-------- RECORDS SUPPLIED

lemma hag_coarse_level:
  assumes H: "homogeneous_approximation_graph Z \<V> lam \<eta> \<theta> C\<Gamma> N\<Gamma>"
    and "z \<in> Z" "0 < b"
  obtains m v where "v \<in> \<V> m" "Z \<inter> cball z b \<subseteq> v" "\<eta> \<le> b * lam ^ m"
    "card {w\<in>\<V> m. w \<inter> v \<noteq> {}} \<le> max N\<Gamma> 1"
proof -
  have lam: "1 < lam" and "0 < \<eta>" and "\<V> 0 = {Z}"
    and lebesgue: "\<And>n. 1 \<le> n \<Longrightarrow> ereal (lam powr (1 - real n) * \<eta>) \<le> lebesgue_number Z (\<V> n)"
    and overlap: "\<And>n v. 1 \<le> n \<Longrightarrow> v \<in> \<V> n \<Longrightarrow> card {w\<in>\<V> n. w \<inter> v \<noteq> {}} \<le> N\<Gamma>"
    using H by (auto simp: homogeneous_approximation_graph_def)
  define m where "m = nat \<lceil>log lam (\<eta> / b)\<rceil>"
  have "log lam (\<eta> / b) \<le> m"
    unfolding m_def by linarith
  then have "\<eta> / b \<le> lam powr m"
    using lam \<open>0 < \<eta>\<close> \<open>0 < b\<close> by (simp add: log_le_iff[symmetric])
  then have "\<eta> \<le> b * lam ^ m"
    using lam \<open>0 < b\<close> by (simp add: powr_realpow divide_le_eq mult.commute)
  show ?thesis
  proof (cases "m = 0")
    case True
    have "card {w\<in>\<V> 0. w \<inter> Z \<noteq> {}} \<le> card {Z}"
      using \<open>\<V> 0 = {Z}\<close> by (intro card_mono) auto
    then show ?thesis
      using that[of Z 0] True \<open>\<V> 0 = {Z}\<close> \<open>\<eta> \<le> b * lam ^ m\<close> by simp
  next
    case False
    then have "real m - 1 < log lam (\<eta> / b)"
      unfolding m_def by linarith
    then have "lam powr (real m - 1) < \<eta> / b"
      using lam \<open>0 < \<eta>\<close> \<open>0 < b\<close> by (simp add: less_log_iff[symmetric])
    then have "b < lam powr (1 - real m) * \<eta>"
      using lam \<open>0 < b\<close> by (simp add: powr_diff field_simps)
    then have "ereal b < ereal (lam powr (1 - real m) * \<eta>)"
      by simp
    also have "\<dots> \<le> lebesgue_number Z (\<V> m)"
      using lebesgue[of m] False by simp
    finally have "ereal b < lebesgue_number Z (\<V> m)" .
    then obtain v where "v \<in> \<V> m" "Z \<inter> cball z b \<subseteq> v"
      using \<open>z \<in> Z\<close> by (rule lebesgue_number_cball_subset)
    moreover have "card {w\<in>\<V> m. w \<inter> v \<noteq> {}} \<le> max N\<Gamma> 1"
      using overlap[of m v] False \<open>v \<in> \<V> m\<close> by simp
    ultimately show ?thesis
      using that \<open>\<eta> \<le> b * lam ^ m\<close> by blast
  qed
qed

----------------

● **WHAT YOU SHOULD DO**: Only the lines that contain the string "inter" are to be copied from the records.

● **EXERCISE RESULT**:
  obtains m v where "v \<in> \<V> m" "Z \<inter> cball z b \<subseteq> v" "\<eta> \<le> b * lam ^ m"
    "card {w\<in>\<V> m. w \<inter> v \<noteq> {}} \<le> max N\<Gamma> 1"
    and overlap: "\<And>n v. 1 \<le> n \<Longrightarrow> v \<in> \<V> n \<Longrightarrow> card {w\<in>\<V> n. w \<inter> v \<noteq> {}} \<le> N\<Gamma>"
    have "card {w\<in>\<V> 0. w \<inter> Z \<noteq> {}} \<le> card {Z}"
    then obtain v where "v \<in> \<V> m" "Z \<inter> cball z b \<subseteq> v"
    moreover have "card {w\<in>\<V> m. w \<inter> v \<noteq> {}} \<le> max N\<Gamma> 1"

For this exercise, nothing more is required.